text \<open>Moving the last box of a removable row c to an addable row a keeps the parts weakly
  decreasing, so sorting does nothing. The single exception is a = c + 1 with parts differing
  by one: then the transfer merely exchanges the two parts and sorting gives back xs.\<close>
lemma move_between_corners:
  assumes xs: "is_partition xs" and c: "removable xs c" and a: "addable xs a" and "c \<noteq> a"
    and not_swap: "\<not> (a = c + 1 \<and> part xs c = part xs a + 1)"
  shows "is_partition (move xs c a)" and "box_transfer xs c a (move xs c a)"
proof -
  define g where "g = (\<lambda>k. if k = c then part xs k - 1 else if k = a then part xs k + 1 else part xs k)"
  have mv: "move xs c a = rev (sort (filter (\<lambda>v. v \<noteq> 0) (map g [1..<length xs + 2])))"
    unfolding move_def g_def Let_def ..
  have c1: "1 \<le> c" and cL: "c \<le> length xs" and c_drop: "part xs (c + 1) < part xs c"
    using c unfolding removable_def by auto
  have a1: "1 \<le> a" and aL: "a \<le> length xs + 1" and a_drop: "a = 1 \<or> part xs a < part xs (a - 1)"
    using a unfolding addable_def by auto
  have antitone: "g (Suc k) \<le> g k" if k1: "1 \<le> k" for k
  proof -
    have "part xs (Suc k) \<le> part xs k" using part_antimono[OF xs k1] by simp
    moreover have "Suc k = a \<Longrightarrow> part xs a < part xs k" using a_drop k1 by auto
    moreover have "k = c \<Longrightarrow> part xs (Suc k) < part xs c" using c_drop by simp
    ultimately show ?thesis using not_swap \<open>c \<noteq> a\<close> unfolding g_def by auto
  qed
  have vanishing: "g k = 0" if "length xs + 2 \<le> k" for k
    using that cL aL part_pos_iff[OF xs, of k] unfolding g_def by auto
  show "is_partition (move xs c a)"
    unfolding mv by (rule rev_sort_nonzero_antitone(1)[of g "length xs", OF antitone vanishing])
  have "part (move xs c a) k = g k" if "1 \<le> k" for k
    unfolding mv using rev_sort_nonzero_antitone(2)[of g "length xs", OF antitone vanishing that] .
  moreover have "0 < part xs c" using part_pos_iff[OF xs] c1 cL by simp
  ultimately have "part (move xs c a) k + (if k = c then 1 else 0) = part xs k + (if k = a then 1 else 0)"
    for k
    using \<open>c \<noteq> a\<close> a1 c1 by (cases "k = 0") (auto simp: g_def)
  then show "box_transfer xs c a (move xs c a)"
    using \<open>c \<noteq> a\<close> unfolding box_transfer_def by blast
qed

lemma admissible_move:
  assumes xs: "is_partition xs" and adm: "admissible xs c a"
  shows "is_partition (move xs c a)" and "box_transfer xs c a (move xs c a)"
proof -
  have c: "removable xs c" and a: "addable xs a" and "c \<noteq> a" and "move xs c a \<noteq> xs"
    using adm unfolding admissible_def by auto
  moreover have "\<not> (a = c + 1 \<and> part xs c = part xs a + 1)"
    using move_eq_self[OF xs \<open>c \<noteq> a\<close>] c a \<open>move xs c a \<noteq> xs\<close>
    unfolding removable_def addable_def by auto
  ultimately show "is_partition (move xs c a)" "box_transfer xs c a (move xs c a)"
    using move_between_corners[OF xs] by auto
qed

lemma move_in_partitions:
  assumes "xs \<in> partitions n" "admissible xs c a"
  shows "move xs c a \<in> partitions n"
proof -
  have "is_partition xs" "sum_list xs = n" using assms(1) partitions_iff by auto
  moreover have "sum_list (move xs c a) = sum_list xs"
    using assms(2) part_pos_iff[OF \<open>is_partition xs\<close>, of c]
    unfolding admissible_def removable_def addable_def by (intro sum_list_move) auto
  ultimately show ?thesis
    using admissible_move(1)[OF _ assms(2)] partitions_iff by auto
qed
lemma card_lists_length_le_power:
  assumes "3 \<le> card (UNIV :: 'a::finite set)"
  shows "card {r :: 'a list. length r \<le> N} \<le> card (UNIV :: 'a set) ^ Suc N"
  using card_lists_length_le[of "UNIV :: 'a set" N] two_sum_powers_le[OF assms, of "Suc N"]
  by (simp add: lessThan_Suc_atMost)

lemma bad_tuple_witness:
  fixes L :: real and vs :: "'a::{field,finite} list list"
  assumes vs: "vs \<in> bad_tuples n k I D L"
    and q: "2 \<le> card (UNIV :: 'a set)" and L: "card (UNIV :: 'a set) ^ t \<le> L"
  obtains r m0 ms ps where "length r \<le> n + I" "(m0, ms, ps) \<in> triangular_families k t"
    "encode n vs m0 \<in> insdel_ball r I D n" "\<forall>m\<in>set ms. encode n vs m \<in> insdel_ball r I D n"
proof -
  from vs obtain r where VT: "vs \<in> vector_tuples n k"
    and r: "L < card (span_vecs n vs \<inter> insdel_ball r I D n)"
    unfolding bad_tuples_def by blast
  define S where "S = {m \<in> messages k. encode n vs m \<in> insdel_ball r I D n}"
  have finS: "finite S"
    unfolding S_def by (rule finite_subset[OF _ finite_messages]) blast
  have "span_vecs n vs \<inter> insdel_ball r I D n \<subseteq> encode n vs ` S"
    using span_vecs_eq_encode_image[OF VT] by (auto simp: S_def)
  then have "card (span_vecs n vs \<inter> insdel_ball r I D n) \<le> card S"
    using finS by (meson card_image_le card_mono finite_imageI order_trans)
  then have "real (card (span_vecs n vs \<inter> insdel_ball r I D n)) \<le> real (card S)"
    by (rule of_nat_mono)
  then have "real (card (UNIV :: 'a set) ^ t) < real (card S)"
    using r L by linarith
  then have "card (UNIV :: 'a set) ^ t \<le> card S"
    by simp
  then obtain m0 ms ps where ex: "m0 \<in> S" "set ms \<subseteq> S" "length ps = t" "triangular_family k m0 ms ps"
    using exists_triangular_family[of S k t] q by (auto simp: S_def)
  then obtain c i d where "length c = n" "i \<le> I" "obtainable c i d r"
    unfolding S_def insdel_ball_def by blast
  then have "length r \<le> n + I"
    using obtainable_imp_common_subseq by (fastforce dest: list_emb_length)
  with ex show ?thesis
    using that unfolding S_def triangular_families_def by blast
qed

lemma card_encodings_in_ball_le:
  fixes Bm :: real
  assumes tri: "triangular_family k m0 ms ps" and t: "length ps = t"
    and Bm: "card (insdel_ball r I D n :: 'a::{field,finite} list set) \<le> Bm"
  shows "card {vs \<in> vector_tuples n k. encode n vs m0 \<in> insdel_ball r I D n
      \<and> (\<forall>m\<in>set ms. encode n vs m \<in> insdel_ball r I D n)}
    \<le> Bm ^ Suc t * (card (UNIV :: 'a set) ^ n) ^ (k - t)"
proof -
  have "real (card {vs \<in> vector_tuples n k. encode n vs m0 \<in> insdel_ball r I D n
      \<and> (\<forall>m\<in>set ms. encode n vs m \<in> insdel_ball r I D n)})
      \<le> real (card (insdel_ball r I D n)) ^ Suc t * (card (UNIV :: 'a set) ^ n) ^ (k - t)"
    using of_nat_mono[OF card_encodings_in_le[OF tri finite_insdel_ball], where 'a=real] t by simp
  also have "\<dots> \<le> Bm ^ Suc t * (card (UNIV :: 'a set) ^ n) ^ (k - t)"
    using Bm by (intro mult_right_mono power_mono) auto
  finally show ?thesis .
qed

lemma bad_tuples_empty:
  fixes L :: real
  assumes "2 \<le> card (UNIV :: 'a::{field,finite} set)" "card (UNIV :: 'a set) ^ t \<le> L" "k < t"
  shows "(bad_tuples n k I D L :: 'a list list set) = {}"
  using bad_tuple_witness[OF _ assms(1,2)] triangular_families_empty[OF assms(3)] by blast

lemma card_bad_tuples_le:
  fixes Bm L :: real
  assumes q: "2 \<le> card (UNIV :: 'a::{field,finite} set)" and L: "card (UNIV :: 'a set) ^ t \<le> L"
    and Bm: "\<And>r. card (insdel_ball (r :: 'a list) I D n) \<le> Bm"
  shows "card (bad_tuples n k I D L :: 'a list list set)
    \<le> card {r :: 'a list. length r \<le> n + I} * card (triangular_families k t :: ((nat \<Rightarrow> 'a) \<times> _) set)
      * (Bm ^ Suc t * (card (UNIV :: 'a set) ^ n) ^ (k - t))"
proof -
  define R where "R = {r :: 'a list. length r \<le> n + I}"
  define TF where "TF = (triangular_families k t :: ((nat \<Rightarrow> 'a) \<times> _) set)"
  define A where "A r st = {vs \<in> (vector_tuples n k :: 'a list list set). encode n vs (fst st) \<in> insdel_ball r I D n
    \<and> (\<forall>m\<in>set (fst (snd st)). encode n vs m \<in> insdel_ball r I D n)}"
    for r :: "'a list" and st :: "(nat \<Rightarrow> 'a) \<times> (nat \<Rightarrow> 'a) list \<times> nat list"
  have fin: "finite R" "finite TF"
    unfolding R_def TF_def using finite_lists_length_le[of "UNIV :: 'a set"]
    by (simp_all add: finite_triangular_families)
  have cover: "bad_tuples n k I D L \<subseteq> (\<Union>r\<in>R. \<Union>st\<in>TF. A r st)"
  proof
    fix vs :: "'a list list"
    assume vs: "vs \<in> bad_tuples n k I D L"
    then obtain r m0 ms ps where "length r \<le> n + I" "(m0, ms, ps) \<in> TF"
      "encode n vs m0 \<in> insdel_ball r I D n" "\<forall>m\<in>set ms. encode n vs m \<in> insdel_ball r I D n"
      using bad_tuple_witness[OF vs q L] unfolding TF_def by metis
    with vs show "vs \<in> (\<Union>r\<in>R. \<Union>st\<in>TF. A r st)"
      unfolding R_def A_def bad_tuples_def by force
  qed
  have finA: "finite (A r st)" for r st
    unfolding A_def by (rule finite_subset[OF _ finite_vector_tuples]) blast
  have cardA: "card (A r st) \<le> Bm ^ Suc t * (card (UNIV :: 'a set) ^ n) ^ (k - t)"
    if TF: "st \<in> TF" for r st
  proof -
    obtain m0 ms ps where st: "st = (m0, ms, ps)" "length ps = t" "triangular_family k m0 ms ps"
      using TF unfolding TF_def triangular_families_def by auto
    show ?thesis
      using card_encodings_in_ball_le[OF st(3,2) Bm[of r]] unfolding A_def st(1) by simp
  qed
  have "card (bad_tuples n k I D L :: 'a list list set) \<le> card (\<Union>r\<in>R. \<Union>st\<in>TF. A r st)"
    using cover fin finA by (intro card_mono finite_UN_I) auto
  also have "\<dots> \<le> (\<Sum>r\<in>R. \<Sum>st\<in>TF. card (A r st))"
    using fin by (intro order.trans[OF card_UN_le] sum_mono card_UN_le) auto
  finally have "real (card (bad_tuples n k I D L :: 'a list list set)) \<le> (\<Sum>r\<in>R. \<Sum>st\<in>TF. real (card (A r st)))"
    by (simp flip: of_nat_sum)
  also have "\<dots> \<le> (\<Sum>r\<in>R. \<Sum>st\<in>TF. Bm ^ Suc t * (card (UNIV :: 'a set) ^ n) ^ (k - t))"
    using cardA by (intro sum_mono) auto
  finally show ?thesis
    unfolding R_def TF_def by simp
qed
--
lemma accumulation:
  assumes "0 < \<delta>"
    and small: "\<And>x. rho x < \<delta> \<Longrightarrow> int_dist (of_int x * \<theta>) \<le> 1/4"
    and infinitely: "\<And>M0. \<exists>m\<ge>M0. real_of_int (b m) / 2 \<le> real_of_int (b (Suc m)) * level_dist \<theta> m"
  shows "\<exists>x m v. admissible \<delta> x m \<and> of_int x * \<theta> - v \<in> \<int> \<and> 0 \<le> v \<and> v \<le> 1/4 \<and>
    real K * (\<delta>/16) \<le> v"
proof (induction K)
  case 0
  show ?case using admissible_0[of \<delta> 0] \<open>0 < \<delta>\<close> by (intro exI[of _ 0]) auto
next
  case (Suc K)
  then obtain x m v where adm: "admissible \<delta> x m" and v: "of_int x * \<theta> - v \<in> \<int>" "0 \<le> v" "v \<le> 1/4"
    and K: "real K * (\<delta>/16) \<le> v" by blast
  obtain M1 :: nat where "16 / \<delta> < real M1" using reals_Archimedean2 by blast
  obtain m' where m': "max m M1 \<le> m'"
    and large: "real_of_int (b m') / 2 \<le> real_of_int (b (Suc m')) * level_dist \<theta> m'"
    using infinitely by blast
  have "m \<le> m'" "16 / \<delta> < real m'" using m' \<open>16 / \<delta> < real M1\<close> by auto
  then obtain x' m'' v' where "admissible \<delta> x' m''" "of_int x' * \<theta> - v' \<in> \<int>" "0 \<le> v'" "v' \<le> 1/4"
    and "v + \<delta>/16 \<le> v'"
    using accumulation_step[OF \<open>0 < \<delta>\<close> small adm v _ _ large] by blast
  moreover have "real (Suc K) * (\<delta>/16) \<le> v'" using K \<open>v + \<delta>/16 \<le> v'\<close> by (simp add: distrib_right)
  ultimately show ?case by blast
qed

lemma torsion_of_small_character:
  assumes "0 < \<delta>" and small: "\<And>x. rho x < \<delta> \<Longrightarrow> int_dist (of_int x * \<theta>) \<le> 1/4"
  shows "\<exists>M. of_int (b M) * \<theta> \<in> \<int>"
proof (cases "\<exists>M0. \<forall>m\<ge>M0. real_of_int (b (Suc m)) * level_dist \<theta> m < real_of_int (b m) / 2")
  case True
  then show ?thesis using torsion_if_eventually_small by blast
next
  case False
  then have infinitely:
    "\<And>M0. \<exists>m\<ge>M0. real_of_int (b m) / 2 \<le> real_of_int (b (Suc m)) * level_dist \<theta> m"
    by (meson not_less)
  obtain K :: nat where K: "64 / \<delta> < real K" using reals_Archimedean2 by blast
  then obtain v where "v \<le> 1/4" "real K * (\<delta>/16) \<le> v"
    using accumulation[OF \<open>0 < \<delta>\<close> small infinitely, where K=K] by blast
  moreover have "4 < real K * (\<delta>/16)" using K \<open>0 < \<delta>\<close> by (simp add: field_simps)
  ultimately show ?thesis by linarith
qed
---
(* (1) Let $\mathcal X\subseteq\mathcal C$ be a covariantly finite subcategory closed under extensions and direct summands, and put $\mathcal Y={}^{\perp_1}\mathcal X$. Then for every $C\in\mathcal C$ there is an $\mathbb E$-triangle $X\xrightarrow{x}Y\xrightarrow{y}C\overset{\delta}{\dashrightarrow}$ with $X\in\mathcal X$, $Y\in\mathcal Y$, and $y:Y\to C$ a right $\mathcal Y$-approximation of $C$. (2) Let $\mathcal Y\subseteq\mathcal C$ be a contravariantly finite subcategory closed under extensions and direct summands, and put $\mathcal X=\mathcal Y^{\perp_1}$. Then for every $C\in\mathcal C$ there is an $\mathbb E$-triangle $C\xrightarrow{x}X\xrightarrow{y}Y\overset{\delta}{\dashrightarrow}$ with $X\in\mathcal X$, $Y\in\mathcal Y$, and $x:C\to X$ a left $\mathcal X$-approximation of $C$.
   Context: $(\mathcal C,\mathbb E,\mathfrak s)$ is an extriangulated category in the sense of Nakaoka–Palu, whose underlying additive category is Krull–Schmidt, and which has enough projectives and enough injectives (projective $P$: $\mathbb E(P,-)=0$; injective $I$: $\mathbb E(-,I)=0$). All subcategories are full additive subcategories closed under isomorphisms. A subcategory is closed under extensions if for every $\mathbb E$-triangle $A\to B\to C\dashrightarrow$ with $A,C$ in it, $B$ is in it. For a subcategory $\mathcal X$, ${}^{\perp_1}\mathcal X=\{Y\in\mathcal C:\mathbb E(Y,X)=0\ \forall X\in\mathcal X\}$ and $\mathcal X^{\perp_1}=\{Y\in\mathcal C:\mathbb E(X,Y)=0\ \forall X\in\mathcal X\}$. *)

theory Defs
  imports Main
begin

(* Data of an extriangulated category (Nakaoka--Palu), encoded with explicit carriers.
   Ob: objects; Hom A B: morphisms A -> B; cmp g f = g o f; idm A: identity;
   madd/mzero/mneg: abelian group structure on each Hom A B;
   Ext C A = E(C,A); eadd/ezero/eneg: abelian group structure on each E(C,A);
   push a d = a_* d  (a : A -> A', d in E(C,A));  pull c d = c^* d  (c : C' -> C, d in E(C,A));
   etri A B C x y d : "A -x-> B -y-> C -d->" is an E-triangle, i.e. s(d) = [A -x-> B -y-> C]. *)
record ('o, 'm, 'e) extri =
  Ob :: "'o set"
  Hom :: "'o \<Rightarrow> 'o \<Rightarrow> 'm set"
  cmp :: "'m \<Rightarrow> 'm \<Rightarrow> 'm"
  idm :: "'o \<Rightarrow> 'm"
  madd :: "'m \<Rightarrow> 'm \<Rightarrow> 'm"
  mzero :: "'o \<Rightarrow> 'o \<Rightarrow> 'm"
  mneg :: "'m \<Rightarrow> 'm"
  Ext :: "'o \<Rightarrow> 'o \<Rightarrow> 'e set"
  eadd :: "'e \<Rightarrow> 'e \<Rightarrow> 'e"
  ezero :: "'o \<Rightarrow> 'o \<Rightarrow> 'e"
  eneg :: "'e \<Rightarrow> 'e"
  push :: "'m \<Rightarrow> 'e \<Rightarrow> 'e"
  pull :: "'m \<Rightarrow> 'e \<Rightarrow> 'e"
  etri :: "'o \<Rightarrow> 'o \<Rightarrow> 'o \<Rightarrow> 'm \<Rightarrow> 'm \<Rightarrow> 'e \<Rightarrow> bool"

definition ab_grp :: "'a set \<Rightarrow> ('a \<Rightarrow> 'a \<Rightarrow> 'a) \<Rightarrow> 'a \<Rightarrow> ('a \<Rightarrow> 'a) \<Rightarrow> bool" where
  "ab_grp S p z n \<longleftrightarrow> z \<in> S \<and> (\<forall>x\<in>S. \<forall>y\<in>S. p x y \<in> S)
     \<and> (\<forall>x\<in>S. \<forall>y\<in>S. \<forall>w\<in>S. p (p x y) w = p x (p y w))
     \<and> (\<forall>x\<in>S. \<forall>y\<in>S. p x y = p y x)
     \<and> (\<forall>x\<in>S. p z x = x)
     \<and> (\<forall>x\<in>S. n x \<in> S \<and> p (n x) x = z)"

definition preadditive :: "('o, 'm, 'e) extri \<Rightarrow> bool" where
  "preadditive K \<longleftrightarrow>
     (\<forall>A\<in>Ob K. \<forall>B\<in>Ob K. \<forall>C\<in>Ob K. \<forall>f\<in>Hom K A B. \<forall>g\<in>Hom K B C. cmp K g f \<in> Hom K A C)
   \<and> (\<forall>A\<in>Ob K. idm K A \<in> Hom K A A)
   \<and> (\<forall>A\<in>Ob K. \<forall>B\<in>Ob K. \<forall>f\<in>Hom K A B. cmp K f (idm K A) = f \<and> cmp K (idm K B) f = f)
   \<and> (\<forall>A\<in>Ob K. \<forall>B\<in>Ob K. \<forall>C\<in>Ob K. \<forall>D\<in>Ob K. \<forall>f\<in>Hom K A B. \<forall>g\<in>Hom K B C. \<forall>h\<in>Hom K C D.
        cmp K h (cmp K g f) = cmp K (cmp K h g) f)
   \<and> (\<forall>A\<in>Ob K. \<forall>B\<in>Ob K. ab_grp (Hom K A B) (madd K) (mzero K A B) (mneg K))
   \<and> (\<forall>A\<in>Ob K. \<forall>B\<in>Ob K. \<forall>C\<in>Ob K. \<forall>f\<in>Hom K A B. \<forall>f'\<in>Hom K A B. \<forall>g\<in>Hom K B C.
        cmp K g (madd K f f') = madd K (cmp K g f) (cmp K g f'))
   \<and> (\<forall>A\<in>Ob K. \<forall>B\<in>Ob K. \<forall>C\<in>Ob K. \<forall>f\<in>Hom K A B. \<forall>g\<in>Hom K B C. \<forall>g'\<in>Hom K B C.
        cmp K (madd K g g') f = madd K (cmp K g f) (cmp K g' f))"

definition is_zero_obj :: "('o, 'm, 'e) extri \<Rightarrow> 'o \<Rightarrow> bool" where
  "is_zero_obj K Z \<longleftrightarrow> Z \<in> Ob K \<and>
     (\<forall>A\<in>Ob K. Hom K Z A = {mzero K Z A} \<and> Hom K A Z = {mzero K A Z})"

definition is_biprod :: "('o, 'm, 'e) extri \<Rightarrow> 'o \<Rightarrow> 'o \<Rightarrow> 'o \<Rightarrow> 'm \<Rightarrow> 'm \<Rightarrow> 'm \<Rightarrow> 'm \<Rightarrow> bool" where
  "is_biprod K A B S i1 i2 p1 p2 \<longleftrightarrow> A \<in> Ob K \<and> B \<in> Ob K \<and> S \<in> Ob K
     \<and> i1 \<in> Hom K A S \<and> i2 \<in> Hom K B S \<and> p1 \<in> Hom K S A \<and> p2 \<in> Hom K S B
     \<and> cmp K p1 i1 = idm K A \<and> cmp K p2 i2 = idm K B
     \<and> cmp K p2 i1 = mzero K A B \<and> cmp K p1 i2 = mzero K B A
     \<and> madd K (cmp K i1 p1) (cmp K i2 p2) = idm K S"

_What the exercise asks:_
Looking at the records above, say how many of their lines include the word "structure", with no other words.

_Solution for this task:_
2